1. Mars Petcare US (October 2016)

Mars PetCare US voluntarily recalled some of their Cesar Classics wet dog food due to plastic fragment that could be present in their filet mignon flavor. Products affected could have been bought as single units or in a variety pack.

The products affected have “best before” dates of August 4 and August 5, 2018. If you bought a variety pack carrying product codes 632D14JC, 633B24JC, 634A14JC, 634A24JC, 634B14JC, 634B24JC, 634E14JC, 635A24JC, 635B14JC, 636D24JC or 636E14JC do not use the food. It could contain hard plastic that might present a choking hazard. If you return it to the retailer, you will be given a refund.

Questions or concerns can be directed to Mars PetCare US at 800-421-6456.

2. Addiction New Zealand Venison & Apples Canned Dog Food Entrée (September 2016)

This recall affects the 13.8 ounce size bearing the UPC code8 885004 070462 with the lot number 8936:01Dec2018 and an expiration date of December 2018. The reason for the recall is an excess of Vitamin A combined with inconsistency in the ratio of calcium to phosphorus.

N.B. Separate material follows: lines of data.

lemma hex_first_exit:
  fixes ua ug da dg :: real
  assumes d: "0 \<le> da" "0 \<le> dg" "0 < da + dg"
    and b: "-1 \<le> ua" "ua < 1" "-1 \<le> ug" "ug < 1" "-1 \<le> ua + ug" "ua + ug < 1"
      "ua = -1 \<Longrightarrow> 0 < da" "ug = -1 \<Longrightarrow> 0 < dg"
  obtains s1 where "0 < s1"
    "\<And>s. 0 < s \<Longrightarrow> s < s1 \<Longrightarrow> \<bar>ua + s*da\<bar> < 1 \<and> \<bar>ug + s*dg\<bar> < 1 \<and> \<bar>ua + ug + s*(da + dg)\<bar> < 1"
    "-1 < ua + s1*da" "-1 < ug + s1*dg" "-1 < ua + ug + s1*(da + dg)"
    "ua + s1*da \<le> 1" "ug + s1*dg \<le> 1" "ua + ug + s1*(da + dg) \<le> 1"
    "ua + s1*da = 1 \<or> ug + s1*dg = 1 \<or> ua + ug + s1*(da + dg) = 1"
proof -
  define sb where "sb = (1 - (ua + ug)) / (da + dg)"
  define sa where "sa = (if 0 < da then (1 - ua)/da else sb)"
  define sg where "sg = (if 0 < dg then (1 - ug)/dg else sb)"
  define s1 where "s1 = min sb (min sa sg)"
  have "0 < sb" unfolding sb_def using b d by simp
  then have s1: "0 < s1" unfolding s1_def sa_def sg_def using b by simp
  note ua = below_one_until[of ua da s1] and ug = below_one_until[of ug dg s1]
    and ub = below_one_until[of "ua + ug" "da + dg" s1]
  have up: "ua + s*da < 1" "ug + s*dg < 1" "ua + ug + s*(da + dg) < 1" if "s < s1" for s
    using ua(1) ug(1) ub(1) b d that unfolding s1_def sa_def sg_def sb_def by auto
  have le: "ua + s1*da \<le> 1" "ug + s1*dg \<le> 1" "ua + ug + s1*(da + dg) \<le> 1"
    using ua(2) ug(2) ub(2) b d unfolding s1_def sa_def sg_def sb_def by auto
  have low: "-1 < ua + s*da" "-1 < ug + s*dg" "-1 < ua + ug + s*(da + dg)" if "0 < s" for s
    using above_minus_one_after[of ua da s] above_minus_one_after[of ug dg s]
      above_minus_one_after[of "ua + ug" "da + dg" s] that d b by auto
  have "s1 = sb \<or> s1 = sa \<or> s1 = sg" unfolding s1_def by linarith
  then have "ua + s1*da = 1 \<or> ug + s1*dg = 1 \<or> ua + ug + s1*(da + dg) = 1"
    unfolding sa_def sg_def sb_def using d by (auto split: if_splits)
  then show ?thesis
  proof (intro that)
    show "\<bar>ua + s*da\<bar> < 1 \<and> \<bar>ug + s*dg\<bar> < 1 \<and> \<bar>ua + ug + s*(da + dg)\<bar> < 1"
      if "0 < s" "s < s1" for s
      using up[OF that(2)] low[OF that(1)] by (simp add: abs_less_iff)
  qed (use s1 le low[OF s1] in auto)
qed

lemma upper_boundary_exit_side:
  fixes a g :: real
  assumes lat: "3 dvd (i - j)" and nv: "\<not> is_vertex a g"
    and lo: "-1 < a - of_int i" "-1 < g - of_int j" "-1 < (a - of_int i) + (g - of_int j)"
    and up: "a - of_int i \<le> 1" "g - of_int j \<le> 1" "(a - of_int i) + (g - of_int j) \<le> 1"
    and on: "a - of_int i = 1 \<or> g - of_int j = 1 \<or> (a - of_int i) + (g - of_int j) = 1"
  shows "\<exists>l. exit_side l a g i j"
proof -
  have ne: "3 dvd (x - y) \<or> a \<noteq> of_int x \<or> g \<noteq> of_int y" for x y
    using not_is_vertexD[OF nv] by blast
  consider "a - of_int i = 1" | "g - of_int j = 1" "a - of_int i \<noteq> 1"
    | "a - of_int i \<noteq> 1" "g - of_int j \<noteq> 1" using on by blast
  then show ?thesis
  proof cases
    case 1
    with ne[of "i + 1" j] lat lo up have "exit_side A a g i j" by auto presburger
    then show ?thesis ..
  next
    case 2
    with ne[of i "j + 1"] lat lo up have "exit_side C a g i j" by auto presburger
    then show ?thesis ..
  next
    case 3
    with on lo up have "exit_side B a g i j" by auto
    then show ?thesis ..
  qed
qed

lemma next_exit_side:
  assumes nm: "\<forall>t. \<not> is_vertex (a0 + t*da) (g0 + t*dg)" and d: "0 \<le> da" "0 \<le> dg" "0 < da + dg"
    and lat: "3 dvd (i - j)"
    and b: "-1 \<le> a0 + t0*da - of_int i" "a0 + t0*da - of_int i < 1"
      "-1 \<le> g0 + t0*dg - of_int j" "g0 + t0*dg - of_int j < 1"
      "-1 \<le> (a0 + t0*da - of_int i) + (g0 + t0*dg - of_int j)" "(a0 + t0*da - of_int i) + (g0 + t0*dg - of_int j) < 1"
      "a0 + t0*da - of_int i = -1 \<Longrightarrow> 0 < da" "g0 + t0*dg - of_int j = -1 \<Longrightarrow> 0 < dg"
  shows "\<exists>t1>t0. (\<forall>t. t0 < t \<longrightarrow> t < t1 \<longrightarrow> (\<forall>l. \<not> on_edge l (a0 + t*da) (g0 + t*dg))) \<and>
            (\<exists>l'. exit_side l' (a0 + t1*da) (g0 + t1*dg) i j)"
proof -
  define ua where "ua = a0 + t0*da - of_int i"
  define ug where "ug = g0 + t0*dg - of_int j"
  have e: "a0 + t*da - of_int i = ua + (t - t0)*da" "g0 + t*dg - of_int j = ug + (t - t0)*dg"
    "(a0 + t*da) + (g0 + t*dg) - of_int i - of_int j = ua + ug + (t - t0)*(da + dg)" for t
    unfolding ua_def ug_def by (simp_all add: algebra_simps)
  obtain s1 where s1: "0 < s1"
    and inner: "\<And>s. 0 < s \<Longrightarrow> s < s1 \<Longrightarrow> \<bar>ua + s*da\<bar> < 1 \<and> \<bar>ug + s*dg\<bar> < 1 \<and> \<bar>ua + ug + s*(da + dg)\<bar> < 1"
    and exit: "-1 < ua + s1*da" "-1 < ug + s1*dg" "-1 < ua + ug + s1*(da + dg)"
      "ua + s1*da \<le> 1" "ug + s1*dg \<le> 1" "ua + ug + s1*(da + dg) \<le> 1"
      "ua + s1*da = 1 \<or> ug + s1*dg = 1 \<or> ua + ug + s1*(da + dg) = 1"
    using hex_first_exit[OF d b[folded ua_def ug_def]] by blast
  show ?thesis
  proof (intro exI[of _ "t0 + s1"] conjI allI impI)
    fix t l assume "t0 < t" "t < t0 + s1"
    then have "\<bar>a0 + t*da - of_int i\<bar> < 1" "\<bar>g0 + t*dg - of_int j\<bar> < 1"
      "\<bar>(a0 + t*da) + (g0 + t*dg) - of_int i - of_int j\<bar> < 1"
      unfolding e using inner[of "t - t0"] by auto
    then show "\<not> on_edge l (a0 + t*da) (g0 + t*dg)" using inner_not_on_edge[OF lat] by blast
  next
    let ?a = "a0 + (t0 + s1)*da" and ?g = "g0 + (t0 + s1)*dg"
    have x: "?a - of_int i = ua + s1*da" "?g - of_int j = ug + s1*dg"
      "(ua + s1*da) + (ug + s1*dg) = ua + ug + s1*(da + dg)"
      using e[of "t0 + s1"] by (simp_all add: algebra_simps)
    show "\<exists>l'. exit_side l' ?a ?g i j"
      by (rule upper_boundary_exit_side[OF lat nm[rule_format]]) (use exit in \<open>simp_all only: x\<close>)
  qed (use s1 in simp)
qed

Too much Vitamin A over a long period can adversely affect the health of young animals. There were no problems reported, but Addiction Foods has chosen to err on the side of caution.

You can return any unopened cans to the retailer for a refund. Questions can be directed to Addiction Foods by calling 425-251-0330 or by emailing [email protected].

3. Blue Buffalo Life Protection Formula (June 2016)

Blue Buffalo recalled some of their Life Protection Formula dog food offerings because of excessive moisture which could result in mold. The product affected is the Life Protection Formula Fish and Sweet Potato Recipe for Dogs in the 30-pound size, carrying the product code 8596100032, lot code AH 2A 1208-1400 and a “best before” date of April 11, 2017.

Although Blue Buffalo has not received any reports of dogs getting sick because of this product, they do ask that their customers top feeding the product, and bring whatever remains back to the retailer for a full refund.

Questions can be directed to Blue Buffalo by phoning 1-800-919-2833.

4. SmallBatch Pets Frozen Duckbatch Sliders (March 2016)

SmallBatch Pets Inc. issued a voluntary recall of their Frozen Dog Duckbatch Sliders due to possible listeria monocytogenes and salmonella contamination. The company issued the recall after an FDA test of a 3-pound bag tested positive for contamination. If you live in California, Colorado, Oregon or Washington, and bought the product between February 23 and March 10, you could be affected. Check the packaging for product code 713757339001 and lot number CO27.

Listeria monocytogenes can lead to serious infections in anyone who has a weakened immune system, like young children or the elderly. It can also lead to miscarriage or stillbirth if contracted by pregnant women.

If you have this product, stop feeding it and return whatever remains to the retailer for a refund, or destroy it.

You can get more information by calling SmallBatch Pets Inc. or emailing [email protected].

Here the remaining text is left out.